Poker Coaching with Jonathan Little: Playing Top Pair
  • Visit Poker Coaching and play a hand with @JonathanLittle while taking an interactive poker quiz.

With blinds at 400/800, everyone folded to me in the hijack and I raised to 1,700 out of my 32,000 stack with {Q-Spades}{J-Spades}.

There is really no other option in this spot with a 40-big blind stack besides raising. In general, any raise between 2 and 2.75 big blinds is acceptable, although I tend to raise larger as the skill level of the players on the button and big blind increases (because they are the most likely to see the flop).

When you give a strong player excellent pot odds by min-raising, he isn't making much of a mistake by calling with a wide range. But when you give him worse odds by raising larger, he will have a difficult time defending too widely.

This time, I apparently wasn't paying attention, as the player in the big blind was a good, loose, and aggressive player. I would have preferred a raise to about 2,200.

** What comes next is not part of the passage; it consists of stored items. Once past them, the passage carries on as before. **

lemma finite_zeros_exp_sum:
  fixes a l :: "'a \<Rightarrow> real"
  assumes "finite J" and "\<exists>t. (\<Sum>j\<in>J. a j * exp (l j * t)) \<noteq> 0"
  shows "finite {t. (\<Sum>j\<in>J. a j * exp (l j * t)) = 0}
      \<and> card {t. (\<Sum>j\<in>J. a j * exp (l j * t)) = 0} < card J"
proof -
  let ?Z = "{t. (\<Sum>j\<in>J. a j * exp (l j * t)) = 0}"
  have less: "card S < card J" if "finite S" "S \<subseteq> ?Z" for S
    using card_zeros_exp_sum_less[OF assms(1) that(1) _ assms(2)] that(2) by auto
  have "finite ?Z"
  proof (rule ccontr)
    assume "infinite ?Z"
    then obtain S where "S \<subseteq> ?Z" "finite S" "card S = card J"
      using infinite_arbitrarily_large by blast
    then show False using less by fastforce
  qed
  then show ?thesis using less[of ?Z] by auto
qed

lemma sum_powr_eq_exp_sum:
  fixes d :: "'a \<Rightarrow> real"
  assumes "finite S"
  shows "(\<Sum>x\<in>S. d x powr t) = (\<Sum>y\<in>d ` S - {0}. real (card {x\<in>S. d x = y}) * exp (ln y * t))"
proof -
  have "(\<Sum>x\<in>S. d x powr t) = (\<Sum>y\<in>d ` S. real (card {x\<in>S. d x = y}) * y powr t)"
    by (subst sum.image_gen[OF assms]) (auto intro: sum.cong)
  also have "\<dots> = (\<Sum>y\<in>d ` S - {0}. real (card {x\<in>S. d x = y}) * y powr t)"
    by (rule sum.mono_neutral_right) (use assms in auto)
  also have "\<dots> = (\<Sum>y\<in>d ` S - {0}. real (card {x\<in>S. d x = y}) * exp (ln y * t))"
    by (rule sum.cong) (auto simp: powr_def mult.commute)
  finally show ?thesis .
qed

Only the big blind called. The flop came {J-Hearts}{6-Spades}{4-Diamonds}, and the big blind checked.

Poker Coaching with Jonathan Little: Playing Top Pair 101

On dry boards (when there are relatively few possible draws) you can bet smaller with your betting range because the preflop raiser often has an advantage with his entire range.

If you run my entire preflop raising range against my opponent's perceived preflop calling range in a poker equity calculator such as Equilab, you will see that I have about 61 percent equity on this dry board. When that is the case, continuation betting small with nearly your entire range is an enticing option.

As a few more points of reference...

  • on a flop of {A-Hearts}{7-Clubs}{2-Diamonds}, I would have 61 percent equity
  • on a flop of {J-Hearts}{10-Hearts}{7-Diamonds}, I would have 56 percent equity
  • and on {9-Spades}{8-Spades}{7-Clubs}, I would have 51 percent equity

As the equities get closer together, you should continuation bet less often and for a larger amount.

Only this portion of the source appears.